Recall that we used the method of least squares to estimate the coefficients in a linear regression model. So a reasonable thought would be to apply a similar idea in a logistic regression framework, i.e. minimize
\[ \sum_{i=1}^n (y_i - \boldsymbol{x_i^{\prime} \hat{\beta}})^2 \]
with respect to \(\boldsymbol{\hat{\beta}}\), and using a rule that the fitted response \(\boldsymbol{x_i^{\prime} \hat{\beta}}\) is rounded to either 0 or 1.
From a purely predictive standpoint, this idea could work. However, statistical inference (intervals, hypothesis tests) is not reliable as the distribution of the response variable is now Bernoulli and not normal. Although the linear regression model is robust to the normality assumption, we still need the distribution to be continuous, not discrete.
For logistic regression, the coefficients are estimated using a different method, called the method of maximum likelihood.
11.3.1 Maximum likelihood estimation for logistic regression
This subsection will give a very brief overview of maximum likelihood estimation in logistic regression.
The motivation behind maximum likelihood estimation is that model parameters are estimated by maximizing the likelihood that the process described by the model produced the observed data.
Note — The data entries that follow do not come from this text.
lemma sc_label_in_label_image:
  assumes "z \<in> edge_shift (sc_edges V E s t L) sc_src sc_trg"
  shows "label_map sc_label z \<in> label_map L ` edge_shift E s t"
proof -
  obtain x where "x \<in> lifts E s t L z"
    using lifts_nonempty[OF assms] by blast
  then show ?thesis
    using label_map_lift lifts_subset_edge_shift by (metis image_eqI subsetD)
qed

(* The conjugacy \<phi>'' of the statement is sc_map for G, H, \<phi>, \<psi>. *)
definition sc_map ::
  "'e set \<Rightarrow> ('e \<Rightarrow> 'v) \<Rightarrow> ('e \<Rightarrow> 'v) \<Rightarrow> ('e \<Rightarrow> 'a) \<Rightarrow> ('f \<Rightarrow> 'w) \<Rightarrow> ((int \<Rightarrow> 'e) \<Rightarrow> int \<Rightarrow> 'f) \<Rightarrow>
   ((int \<Rightarrow> 'a) \<Rightarrow> int \<Rightarrow> 'a) \<Rightarrow> (int \<Rightarrow> 'v set \<times> 'a \<times> 'v set) \<Rightarrow> int \<Rightarrow> 'w set \<times> 'a \<times> 'w set"
  where "sc_map E s t L s' \<phi> \<psi> z = sc_trace s' (\<phi> ` lifts E s t L z) (\<psi> (label_map sc_label z))"

locale labeled_conjugacy =
  fixes VG :: "'v set" and EG :: "'e set" and sG tG :: "'e \<Rightarrow> 'v" and LG :: "'e \<Rightarrow> 'a"
    and VH :: "'w set" and EH :: "'f set" and sH tH :: "'f \<Rightarrow> 'w" and LH :: "'f \<Rightarrow> 'a"
    and \<phi> :: "(int \<Rightarrow> 'e) \<Rightarrow> int \<Rightarrow> 'f" and \<phi>' :: "(int \<Rightarrow> 'f) \<Rightarrow> int \<Rightarrow> 'e"
    and \<psi> \<psi>' :: "(int \<Rightarrow> 'a) \<Rightarrow> int \<Rightarrow> 'a"
  assumes graph_G: "fin_graph_no_sink_source VG EG sG tG"
    and graph_H: "fin_graph_no_sink_source VH EH sH tH"
    and right_resolving_G: "right_resolving EG sG LG"
    and right_resolving_H: "right_resolving EH sH LH"
    and edge_homeo: "homeomorphic_maps (subtopology full_shift_top (edge_shift EG sG tG))
      (subtopology full_shift_top (edge_shift EH sH tH)) \<phi> \<phi>'"
    and edge_commute: "\<forall>x\<in>edge_shift EG sG tG. \<phi> (shift x) = shift (\<phi> x)"
    and label_homeo: "homeomorphic_maps (subtopology full_shift_top (label_map LG ` edge_shift EG sG tG))
      (subtopology full_shift_top (label_map LH ` edge_shift EH sH tH)) \<psi> \<psi>'"
    and label_commute: "\<forall>y\<in>label_map LG ` edge_shift EG sG tG. \<psi> (shift y) = shift (\<psi> y)"
    and label_compat: "\<forall>x\<in>edge_shift EG sG tG. label_map LH (\<phi> x) = \<psi> (label_map LG x)"
begin

abbreviation "XG \<equiv> edge_shift EG sG tG"
abbreviation "XH \<equiv> edge_shift EH sH tH"
abbreviation "YG \<equiv> label_map LG ` XG"
abbreviation "XG'' \<equiv> edge_shift (sc_edges VG EG sG tG LG) sc_src sc_trg"
abbreviation "XH'' \<equiv> edge_shift (sc_edges VH EH sH tH LH) sc_src sc_trg"
abbreviation "\<Phi> \<equiv> sc_map EG sG tG LG sH \<phi> \<psi>"

lemmas edge_maps = homeomorphic_maps_full_shiftD[OF edge_homeo]
lemmas label_maps = homeomorphic_maps_full_shiftD[OF label_homeo]

lemma sym: "labeled_conjugacy VH EH sH tH LH VG EG sG tG LG \<phi>' \<phi> \<psi>' \<psi>"
proof unfold_locales
  show "homeomorphic_maps (subtopology full_shift_top XH) (subtopology full_shift_top XG) \<phi>' \<phi>"
    using edge_homeo homeomorphic_maps_sym by blast
  show "homeomorphic_maps (subtopology full_shift_top (label_map LH ` XH)) (subtopology full_shift_top YG) \<psi>' \<psi>"
    using label_homeo homeomorphic_maps_sym by blast
  show "\<forall>u\<in>XH. \<phi>' (shift u) = shift (\<phi>' u)"
    using edge_homeo shift_in_edge_shift edge_commute by (rule homeomorphic_maps_shift_commute_inverse)
  show "\<forall>w\<in>label_map LH ` XH. \<psi>' (shift w) = shift (\<psi>' w)"
    using label_homeo shift_in_label_image label_commute by (rule homeomorphic_maps_shift_commute_inverse)
  show "\<forall>u\<in>XH. label_map LG (\<phi>' u) = \<psi>' (label_map LH u)"
  proof
    fix u assume "u \<in> XH"
    then have "\<phi>' u \<in> XG" "\<phi> (\<phi>' u) = u"
      using edge_maps by blast+
    then have "label_map LH u = \<psi> (label_map LG (\<phi>' u))"
      using label_compat by metis
    then show "label_map LG (\<phi>' u) = \<psi>' (label_map LH u)"
      using label_maps(3) \<open>\<phi>' u \<in> XG\<close> by simp
  qed
qed (rule graph_H graph_G right_resolving_H right_resolving_G)+

lemma label_map_phi_lift:
  assumes "x \<in> lifts EG sG tG LG z"
  shows "label_map LH (\<phi> x) = \<psi> (label_map sc_label z)"
proof -
  have "x \<in> XG"
    using assms lifts_subset_edge_shift by blast
  then show ?thesis
    using label_compat label_map_lift[OF assms] by simp
qed

lemma sc_map_in: "z \<in> XG'' \<Longrightarrow> \<Phi> z \<in> XH''"
  unfolding sc_map_def
proof (rule sc_trace_in_sc_edge_shift)
  show "\<forall>e\<in>EH. sH e \<in> VH"
    using graph_H by (simp add: fin_graph_no_sink_source_def)
  show "\<phi> ` lifts EG sG tG LG z \<subseteq> XH"
    using edge_maps(1) lifts_subset_edge_shift by blast
  show "\<phi> ` lifts EG sG tG LG z \<noteq> {}" if "z \<in> XG''"
    using lifts_nonempty[OF that] by blast
  show "label_map LH u = \<psi> (label_map sc_label z)" if "u \<in> \<phi> ` lifts EG sG tG LG z" for u
    using that label_map_phi_lift by blast
qed (rule right_resolving_H)

lemma label_map_sc_map: "label_map sc_label (\<Phi> z) = \<psi> (label_map sc_label z)"
  by (simp add: sc_map_def)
Since we assume the response variable follows a Bernoulli distribution, the probability distribution of each observation is
\[\begin{equation} f_i(y_i) = \pi_i^{y_i} (1 - \pi_i)^{1-y_i} \tag{11.4} \end{equation}\]
where \(y_i\) is either 0 or 1. Since we assume the observations are independent, the likelihood function is
\[\begin{equation} L(y_1, \cdots, y_n, \boldsymbol{\beta}) = \prod_{i=1}^n f_i(y_i) = \prod_{i=1}^n \pi_i^{y_i} (1 - \pi_i)^{1-y_i} \tag{11.5} \end{equation}\]
We want to maximize the likelihood function (11.5) with respect to \(\boldsymbol{\beta}\). Since maximizing a function is the same as maximizing the log of a function, we can instead maximize the log-likelihood function
\[\begin{equation} \log L(y_1, \cdots, y_n, \boldsymbol{\beta}). \tag{11.6} \end{equation}\]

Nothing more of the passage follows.